I Bonds come with guarantees, tax-deferred inflation-adjusted interest, and after one year, liquidity. This could be one of the best cash investments you ever make.

I Bonds as a Safe Investment for Your Emergency Fund

I Bonds make a great second-tier emergency fund - second-tier because you can't sell them within the first 12 months of buying them, so you need other liquid funds to rely on while you build up a stash of I Bonds.

The most you can buy is $10,000 a year per person. You can open an account directly with the Treasury through TreasuryDirect. Interest is tax-deferred. Consider building up a significant holding of I Bonds and buying the maximum amount of I Bonds each and every year.
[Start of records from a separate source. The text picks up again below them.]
(* Let $\boldsymbol\varphi\in\mathcal{OB}$ and let $g_{\boldsymbol\varphi}$ be a product metric with associated component operators $\mathcal G_{\boldsymbol\varphi,j}:H^1_0(\mathcal D,\mathbb C)\to H^{-1}(\mathcal D,\mathbb C)$. Then $g_{\boldsymbol\varphi}$ is horizontally compatible with the $L$-metric at $\boldsymbol\varphi$, i.e. $\mathcal H^g_{\boldsymbol\varphi}=\mathcal H^L_{\boldsymbol\varphi}$, if and only if for every $j=1,\dots,p$ the function $i\varphi_j$ is an eigenfunction of $\mathcal G_{\boldsymbol\varphi,j}$ on $T_{\varphi_j}\mathcal S_{N_j}$ to a nonzero real eigenvalue, i.e. there is $\varsigma_j\in\mathbb R\setminus\{0\}$ with $\langle\mathcal G_{\boldsymbol\varphi,j}(i\varphi_j),z\rangle=\varsigma_j\,\mathrm{Re}\int_{\mathcal D}i\varphi_j\overline z\,dx$ for all $z\in T_{\varphi_j}\mathcal S_{N_j}$.
   Context: $\mathcal D\subset\mathbb R^d$ bounded Lipschitz, $d\in\{2,3\}$; $H=[H^1_0(\mathcal D,\mathbb C)]^p$ real Hilbert space, $\langle\cdot,\cdot\rangle$ the real duality pairing between $H^{-1}$ and $H^1_0$. $N_j>0$; $\mathcal S_{N_j}=\{\varphi\in H^1_0(\mathcal D,\mathbb C):\int|\varphi|^2=N_j\}$, $T_{\varphi}\mathcal S_{N_j}=\{z:\mathrm{Re}\int z\overline\varphi=0\}$; $\mathcal{OB}=\mathcal S_{N_1}\times\dots\times\mathcal S_{N_p}$, $T_{\boldsymbol\varphi}\mathcal{OB}=\prod_jT_{\varphi_j}\mathcal S_{N_j}$. Vertical space $\mathcal V_{\boldsymbol\varphi}=\{i\boldsymbol\varphi\Sigma:\Sigma\text{ real diagonal}\}=\{(i\varphi_1\sigma_1,\dots,i\varphi_p\sigma_p):\sigma_j\in\mathbb R\}$. For a Riemannian metric $g_{\boldsymbol\varphi}$ (an inner product on $T_{\boldsymbol\varphi}\mathcal{OB}$), $\mathcal H^g_{\boldsymbol\varphi}=\{\boldsymbol\xi\in T_{\boldsymbol\varphi}\mathcal{OB}:g_{\boldsymbol\varphi}(\boldsymbol\xi,\boldsymbol\nu)=0\ \forall\boldsymbol\nu\in\mathcal V_{\boldsymbol\varphi}\}$; for the $L$-metric $g_L(\mathbf y,\mathbf z)=\sum_j\mathrm{Re}\int y_j\overline{z_j}$ this is $\mathcal H^L_{\boldsymbol\varphi}=\{\boldsymbol\xi\in H:\int\varphi_j\overline{\xi_j}\,dx=0\in\mathbb C\ \forall j\}$. A product metric here is one defined on all of $H$ of the form $g_{\boldsymbol\varphi}(\mathbf y,\mathbf z)=\sum_j\langle\mathcal G_{\boldsymbol\varphi,j}y_j,z_j\rangle$ with linear $\mathcal G_{\boldsymbol\varphi,j}:H^1_0(\mathcal D,\mathbb C)\to H^{-1}(\mathcal D,\mathbb C)$. *)

theory Defs
  imports "HOL-Analysis.Analysis"
begin

type_synonym 'n cfun = "real^'n \<Rightarrow> complex"

definition lipschitz_domain :: "(real^'n) set \<Rightarrow> bool" where
  "lipschitz_domain D \<longleftrightarrow> open D \<and> bounded D \<and> D \<noteq> {} \<and>
     (\<forall>x0\<in>frontier D. \<exists>r>0. \<exists>T k C (\<gamma>::real^'n \<Rightarrow> real).
        orthogonal_transformation T \<and> lipschitz_on C UNIV \<gamma> \<and>
        (\<forall>y z. (\<forall>i. i \<noteq> k \<longrightarrow> y$i = z$i) \<longrightarrow> \<gamma> y = \<gamma> z) \<and>
        (\<forall>x\<in>ball x0 r. x \<in> D \<longleftrightarrow> (T (x - x0))$k < \<gamma> (T (x - x0))))"

definition pderiv_fun :: "'n::finite \<Rightarrow> 'n cfun \<Rightarrow> 'n cfun" where
  "pderiv_fun i f = (\<lambda>x. frechet_derivative f (at x) (axis i 1))"

text \<open>C-infinity functions: f lies in a family closed under partial differentiation,
  all of whose members are differentiable everywhere.\<close>
definition smooth_fun :: "('n::finite) cfun \<Rightarrow> bool" where
  "smooth_fun f \<longleftrightarrow> (\<exists>F. f \<in> F \<and> (\<forall>g\<in>F. g differentiable_on UNIV \<and>
       (\<forall>i. pderiv_fun i g \<in> F)))"

definition test_fun :: "(real^'n::finite) set \<Rightarrow> 'n cfun \<Rightarrow> bool" where
  "test_fun D \<psi> \<longleftrightarrow> smooth_fun \<psi> \<and> compact (closure {x. \<psi> x \<noteq> 0})
      \<and> closure {x. \<psi> x \<noteq> 0} \<subseteq> D"

definition sq_norm_L2 :: "(real^'n::finite) set \<Rightarrow> 'n cfun \<Rightarrow> real" where
  "sq_norm_L2 D u = (LINT x:D|lborel. (cmod (u x))\<^sup>2)"

definition in_L2 :: "(real^'n::finite) set \<Rightarrow> 'n cfun \<Rightarrow> bool" where
  "in_L2 D u \<longleftrightarrow> set_borel_measurable lborel D u \<and>
      set_integrable lborel D (\<lambda>x. (cmod (u x))\<^sup>2)"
If you look online at I Bond rates, it says the fixed rates as of May 1, 2018, is 0.30%. A semiannual inflation rate is also applied, and from May 2012 to October 2018, it is 1.11, which means an annual rate of 2.22%. Where else can you get 2.2% guaranteed tax-deferred interest on a safe and liquid investment right now while knowing that if rates go up, your rate will also likely go up? This is what makes I Bonds the best safe, cash investment you can find right now.

Use I Bonds to Fund Future Healthcare Premiums

Healthcare premiums and out-of-pocket costs in retirement will run about $3,500 - $5,000 a year per person. If you start buying $3,000 - $5,000 a year of I Bonds now, as the interest they accrue is tied to inflation, you can begin cashing them in later in retirement to make sure you have safe, guaranteed, inflation-adjusted investments available to cover medical costs in retirement.

How to Buy I Bonds

You can open an account online with TreasuryDirect, link it to your bank account, and transfer money over to buy the maximum amount of I Bonds each year.

TIPS Bonds

TIPS Bonds (referred to as treasury inflation protected securities) are different than I Bonds. Unlike I bonds, the interest on TIPS is not tax-deferred, so this vehicle is best owned inside tax-deferred accounts like an IRA or ROTH IRA. Unfortunately, you can't open an IRA account directly at TreasuryDirect, so TIPS in your IRA need to be purchased through a brokerage account.